Amos Yee's mother took him to see a psychiatrist but he stopped after two visits

Teenage blogger Amos Yee's mother brought him to the Institute of Mental Health to see a psychiatrist on April 3. But after two sessions, the 16-year-old refused to go anymore, it was revealed in court on Wednesday. -- ST PHOTO: WONG KWAI CHOW&n
A doctor found that teenage blogger Amos Yee may be suffering from autism spectrum disorder. -- ST FILE PHOTO

SINGAPORE - Teenage blogger Amos Yee's mother brought him to the Institute of Mental Health to see a psychiatrist on April 3. But after two sessions, the 16-year-old refused to go anymore, it was revealed in court on Wednesday.

During the hearing, the prosecution offered to lower his bail amount and do away with the requirement that he reports to Bedok Police Station every morning as part of his bail conditions, if he agrees to continue to see a psychiatrist.

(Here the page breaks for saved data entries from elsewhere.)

theorem lemma2:
  fixes M N :: nat and \<rho> U1 U2 :: "complex mat"
  assumes "is_state M N \<rho>" and "unitary M U1" and "unitary N U2"
  shows "d_max M N (kron U1 U2 * \<rho> * dagger (kron U1 U2)) = d_max M N \<rho>"
proof -
  define \<rho>' where "\<rho>' = kron U1 U2 * \<rho> * dagger (kron U1 U2)"
  have \<rho>: "\<rho> \<in> carrier_mat (M*N) (M*N)"
    using assms(1) by (simp add: is_state_def)
  then have \<rho>': "\<rho>' \<in> carrier_mat (M*N) (M*N)"
    using unitaryD[OF unitary_kron[OF assms(2,3)]]
    by (simp add: \<rho>'_def mult_carrier_mat[of _ "M*N" "M*N"])
  have "{fu_dist M N \<rho> V | V. cyclic_unitary M N \<rho> V} \<subseteq> {fu_dist M N \<rho>' V | V. cyclic_unitary M N \<rho>' V}"
    unfolding \<rho>'_def by (rule cyclic_fu_dist_values_subset_kron_conj[OF \<rho> assms(2,3)])
  moreover have "{fu_dist M N \<rho>' V | V. cyclic_unitary M N \<rho>' V} \<subseteq> {fu_dist M N \<rho> V | V. cyclic_unitary M N \<rho> V}"
    using cyclic_fu_dist_values_subset_kron_conj[OF \<rho>' unitary_dagger[OF assms(2)] unitary_dagger[OF assms(3)]]
    by (simp add: \<rho>'_def kron_dagger_conj_cancel[OF \<rho> assms(2,3)])
  ultimately have "{fu_dist M N \<rho> V | V. cyclic_unitary M N \<rho> V} = {fu_dist M N \<rho>' V | V. cyclic_unitary M N \<rho>' V}"
    by (rule subset_antisym)
  then show ?thesis
    by (simp add: d_max_def \<rho>'_def)
qed

end
(* There is an absolute constant $c_0>0$ such that for every $\epsilon\in(0,1/2]$ and every integer $d\ge 1$, with $n=2^{d+1}-2$, the binary-tree function $f:\{0,1\}^n\to\{0,1\}$ of depth $d$ (which is computable by a read-once formula) satisfies, under unit costs ($c_i=1$ for all $i$) and $p_i=\frac{1+\epsilon}{2}$ for all $i$, $$\mathsf{OPT}_{\mathcal N}(f,c,p)\ge c_0\,\epsilon^3\, n^{1-2\epsilon/\ln 2}\cdot \mathsf{OPT}_{\mathcal A}(f,c,p).$$
   Context: Stochastic Boolean Function Evaluation (SBFE) setup: $f:\{0,1\}^n\to\{0,1\}$ is a known Boolean function, $c\in\mathbb{R}_{>0}^n$ a cost vector and $p\in(0,1)^n$ a probability vector. The unknown input $x\in\{0,1\}^n$ is random with independent coordinates and $\Pr(x_i=1)=p_i$. The value $x_i$ can only be learned by testing variable $i$, at cost $c_i$. A strategy tests variables sequentially until $f(x)$ is determined, i.e. until $f(x')=f(x)$ for every $x'$ agreeing with $x$ on all tested coordinates. An adaptive strategy is a decision tree (the next test may depend on previous outcomes); a non-adaptive strategy is a fixed permutation of $[n]$, with variables tested in that order until $f(x)$ is determined. $\mathrm{cost}_{c,p}(f,S)$ is the expected total cost of tests performed by $S$ for random $x$. $\mathsf{OPT}_{\mathcal A}(f,c,p)$ (resp. $\mathsf{OPT}_{\mathcal N}(f,c,p)$) is the minimum of $\mathrm{cost}_{c,p}(f,S)$ over all adaptive (resp. non-adaptive) strategies. Binary-tree function of depth $d$: take the complete binary tree of depth $d$ (root at depth $0$, $2^d$ leaves at depth $d$); it has $n=2^{d+1}-2$ edges, numbered $1,\dots,n$, and variable $x_i$ is associated with edge $i$. A leaf is alive if $x_i=1$ for every edge $i$ on the path from the root to that leaf. Then $f(x)=1$ iff at least one leaf is alive. (A read-once formula is a tree whose internal nodes are labeled $\wedge$ or $\vee$ and whose leaves are labeled by distinct variables.) *)

theory Defs
  imports Complex_Main
begin

text \<open>Stochastic Boolean Function Evaluation. Variables are indexed by 0..n-1.
  An input is a function nat => bool which is False outside {0..<n}.\<close>

definition cube :: "nat \<Rightarrow> (nat \<Rightarrow> bool) set" where
  "cube n = {x. \<forall>i. n \<le> i \<longrightarrow> \<not> x i}"

definition prob :: "(nat \<Rightarrow> real) \<Rightarrow> nat \<Rightarrow> (nat \<Rightarrow> bool) \<Rightarrow> real" where
  "prob p n x = (\<Prod>i<n. if x i then p i else 1 - p i)"

definition determined :: "((nat \<Rightarrow> bool) \<Rightarrow> bool) \<Rightarrow> nat \<Rightarrow> nat set \<Rightarrow> (nat \<Rightarrow> bool) \<Rightarrow> bool" where
  "determined f n T x \<longleftrightarrow> (\<forall>y\<in>cube n. (\<forall>i\<in>T. y i = x i) \<longrightarrow> f y = f x)"

definition perms :: "nat \<Rightarrow> nat list set" where
  "perms n = {\<pi>. distinct \<pi> \<and> set \<pi> = {..<n}}"

definition na_stop :: "((nat \<Rightarrow> bool) \<Rightarrow> bool) \<Rightarrow> nat \<Rightarrow> nat list \<Rightarrow> (nat \<Rightarrow> bool) \<Rightarrow> nat" where
  "na_stop f n \<pi> x = (LEAST k. determined f n (set (take k \<pi>)) x)"

definition na_cost :: "((nat \<Rightarrow> bool) \<Rightarrow> bool) \<Rightarrow> nat \<Rightarrow> (nat \<Rightarrow> real) \<Rightarrow> (nat \<Rightarrow> real)
    \<Rightarrow> nat list \<Rightarrow> real" where
  "na_cost f n c p \<pi> =
     (\<Sum>x\<in>cube n. prob p n x * sum_list (map c (take (na_stop f n \<pi> x) \<pi>)))"

definition OPT_N :: "((nat \<Rightarrow> bool) \<Rightarrow> bool) \<Rightarrow> nat \<Rightarrow> (nat \<Rightarrow> real) \<Rightarrow> (nat \<Rightarrow> real) \<Rightarrow> real" where
  "OPT_N f n c p = Inf (na_cost f n c p ` perms n)"

datatype dtree = Leaf | Node nat dtree dtree

fun dt_path :: "dtree \<Rightarrow> (nat \<Rightarrow> bool) \<Rightarrow> nat list" where
  "dt_path Leaf x = []"
| "dt_path (Node i l r) x = i # dt_path (if x i then r else l) x"

definition valid_dt :: "((nat \<Rightarrow> bool) \<Rightarrow> bool) \<Rightarrow> nat \<Rightarrow> dtree \<Rightarrow> bool" where
  "valid_dt f n t \<longleftrightarrow> (\<forall>x\<in>cube n. set (dt_path t x) \<subseteq> {..<n} \<and> determined f n (set (dt_path t x)) x)"

definition dt_cost :: "nat \<Rightarrow> (nat \<Rightarrow> real) \<Rightarrow> (nat \<Rightarrow> real) \<Rightarrow> dtree \<Rightarrow> real" where
  "dt_cost n c p t = (\<Sum>x\<in>cube n. prob p n x * sum_list (map c (dt_path t x)))"

definition OPT_A :: "((nat \<Rightarrow> bool) \<Rightarrow> bool) \<Rightarrow> nat \<Rightarrow> (nat \<Rightarrow> real) \<Rightarrow> (nat \<Rightarrow> real) \<Rightarrow> real" where
  "OPT_A f n c p = Inf (dt_cost n c p ` {t. valid_dt f n t})"

text \<open>Heap numbering of the complete binary tree: nodes 1..2^(d+1)-1, root 1, children of v are
  2v and 2v+1. The edge entering node v (v >= 2) carries variable v-2, so the n = 2^(d+1)-2 edges
  carry variables 0..n-1. Leaves are v in [2^d, 2^(d+1)); the edges on the root-leaf path of v are
  those entering v div 2^k for k < d.\<close>
definition bintree_fun :: "nat \<Rightarrow> (nat \<Rightarrow> bool) \<Rightarrow> bool" where
  "bintree_fun d x \<longleftrightarrow> (\<exists>v\<in>{2^d..<2^(d+1)}. \<forall>k<d. x (v div 2^k - 2))"

end

theory Submission
  imports Defs
begin

text \<open>Let \<open>p = (1 + \<epsilon>)/2\<close>. A subtree of height \<open>h\<close> is alive with probability \<open>Q h\<close>, where
  \<open>Q 0 = 1\<close> and \<open>Q (h+1) = 1 - (1 - p Q h)^2\<close>; inductively \<open>Q h \<ge> \<epsilon>\<close>.
  The adaptive depth-first strategy, which enters the subtree below an edge only when that edge is
  present, has expected cost \<open>C d\<close> with \<open>C (h+1) = 2 + 2p C h\<close>, so \<open>C d \<le> 2(1 + \<epsilon>)^d / \<epsilon>\<close>.
  A fixed test order can certify \<open>f x = 1\<close> only after testing a whole root-leaf path; the first
  \<open>m\<close> tests contain at most \<open>m\<close> such paths, each present with probability \<open>p^d\<close>. Hence with
  probability at least \<open>\<epsilon> - m p^d\<close> more than \<open>m\<close> tests are made, and \<open>m = \<lfloor>\<epsilon> / (2 p^d)\<rfloor>\<close>
  gives a non-adaptive cost of at least \<open>\<epsilon>^2 / (4 p^d)\<close>. The two bounds differ by the factor
  \<open>\<epsilon>^3 2^d / (8 (1 + \<epsilon>)^(2d))\<close>, and \<open>(1 + \<epsilon>)^(2d) \<le> exp (2\<epsilon>d) = (2^d) powr (2\<epsilon> / ln 2)\<close>.\<close>

section \<open>Expectation on the product measure of the cube\<close>

definition cube_expect :: "nat \<Rightarrow> (nat \<Rightarrow> real) \<Rightarrow> ((nat \<Rightarrow> bool) \<Rightarrow> real) \<Rightarrow> real" where
  "cube_expect n p h = (\<Sum>x\<in>cube n. prob p n x * h x)"

definition depends_only :: "((nat \<Rightarrow> bool) \<Rightarrow> 'a) \<Rightarrow> nat set \<Rightarrow> bool" where
  "depends_only h A \<longleftrightarrow> (\<forall>x y. (\<forall>i\<in>A. x i = y i) \<longrightarrow> h x = h y)"

lemma cube_0: "cube 0 = {\<lambda>_. False}"
  by (auto simp: cube_def)

lemma cube_Suc: "cube (Suc n) = (\<lambda>(x, b). x(n := b)) ` (cube n \<times> UNIV)"
proof (intro set_eqI iffI)
  fix y assume "y \<in> cube (Suc n)"
  then have "y(n := False) \<in> cube n" by (auto simp: cube_def)
  moreover have "y = (\<lambda>(x, b). x(n := b)) (y(n := False), y n)" by auto
  ultimately show "y \<in> (\<lambda>(x, b). x(n := b)) ` (cube n \<times> UNIV)" by blast
qed (auto simp: cube_def)

lemma inj_on_cube_extend: "inj_on (\<lambda>(x, b). x(n := b)) (cube n \<times> UNIV)"
proof (rule inj_onI, clarify)
  fix x b x' b' assume "x \<in> cube n" "x' \<in> cube n" and eq: "x(n := b) = x'(n := b')"
  have "x = x'"
  proof
    fix i show "x i = x' i"
      using fun_cong[OF eq, of i] \<open>x \<in> cube n\<close> \<open>x' \<in> cube n\<close> by (cases "i = n") (auto simp: cube_def)
  qed
  then show "x = x' \<and> b = b'" using fun_cong[OF eq, of n] by auto
qed

lemma prob_nonneg: "(\<And>i. 0 \<le> p i \<and> p i \<le> 1) \<Longrightarrow> 0 \<le> prob p n x"
  unfolding prob_def by (rule prod_nonneg) auto

lemma cube_expect_0: "cube_expect 0 p h = h (\<lambda>_. False)"
  by (simp add: cube_expect_def prob_def cube_0)

lemma cube_expect_Suc:
  "cube_expect (Suc n) p h =
     p n * cube_expect n p (\<lambda>x. h (x(n := True))) + (1 - p n) * cube_expect n p (\<lambda>x. h (x(n := False)))"
proof -
  have prob_extend: "prob p (Suc n) (x(n := b)) = prob p n x * (if b then p n else 1 - p n)"
    if "x \<in> cube n" for x b
    unfolding prob_def by (simp add: prod.lessThan_Suc)
  have "cube_expect (Suc n) p h = (\<Sum>(x, b)\<in>cube n \<times> UNIV. prob p (Suc n) (x(n := b)) * h (x(n := b)))"
    unfolding cube_expect_def cube_Suc
    by (subst sum.reindex[OF inj_on_cube_extend]) (simp add: case_prod_beta')
  also have "\<dots> = (\<Sum>x\<in>cube n. \<Sum>b\<in>UNIV. prob p (Suc n) (x(n := b)) * h (x(n := b)))"
    by (rule sum.cartesian_product[symmetric])
  also have "\<dots> = (\<Sum>x\<in>cube n. p n * (prob p n x * h (x(n := True))) + (1 - p n) * (prob p n x * h (x(n := False))))"
    by (rule sum.cong) (auto simp: UNIV_bool prob_extend)
  also have "\<dots> = p n * cube_expect n p (\<lambda>x. h (x(n := True))) + (1 - p n) * cube_expect n p (\<lambda>x. h (x(n := False)))"
    unfolding cube_expect_def by (simp add: sum.distrib sum_distrib_left)
  finally show ?thesis .
qed

lemma cube_expect_const [simp]: "cube_expect n p (\<lambda>_. c) = c"
  by (induction n) (simp_all add: cube_expect_0 cube_expect_Suc algebra_simps)

lemma cube_expect_cong: "(\<And>x. x \<in> cube n \<Longrightarrow> f x = g x) \<Longrightarrow> cube_expect n p f = cube_expect n p g"
  unfolding cube_expect_def by (rule sum.cong) auto

lemma cube_expect_add: "cube_expect n p (\<lambda>x. f x + g x) = cube_expect n p f + cube_expect n p g"
  unfolding cube_expect_def by (simp add: sum.distrib algebra_simps)

lemma cube_expect_diff: "cube_expect n p (\<lambda>x. f x - g x) = cube_expect n p f - cube_expect n p g"
  unfolding cube_expect_def by (simp add: sum_subtractf algebra_simps)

Yee said no, which led the High Court to deny his application to challenge his bail conditions, which include not being allowed to post online. He continues to be remanded in custody pending his two-day trial for attacking Christianity and transmitting an obscene image. His trial is scheduled to start on Thursday.

Yee's lawyers, Mr Alfred Dodwell and Mr Ervin Tan, argued on Wednesday that the court should set aside bail conditions which require Yee to undertake not to post content online while the case against him is ongoing and to either take down or make private a YouTube video and his blog posts.

Mr Dodwell said that being on social media was "the equivalent of him drinking water" and the conditions were "taking away a lot from him."

During the hearing, Justice Tay Yong Kwang asked Mr Dodwell what was so difficult about complying with these social media conditions. "They just have to learn to curb themselves," he said.

Deputy public prosecutor Hay Hung Chun told the court that the prosecution only became aware on Tuesday that Yee's mother had taken him to the IMH on Good Friday. Yee went for two appointments but refused to go for a third.

The judge asked Yee's lawyers if their client was prepared to accept the prosecution's offer to continue his appointments. Yee flatly refused.

Justice Tay said that in view of that, he saw no reason to vary any of the bail conditions.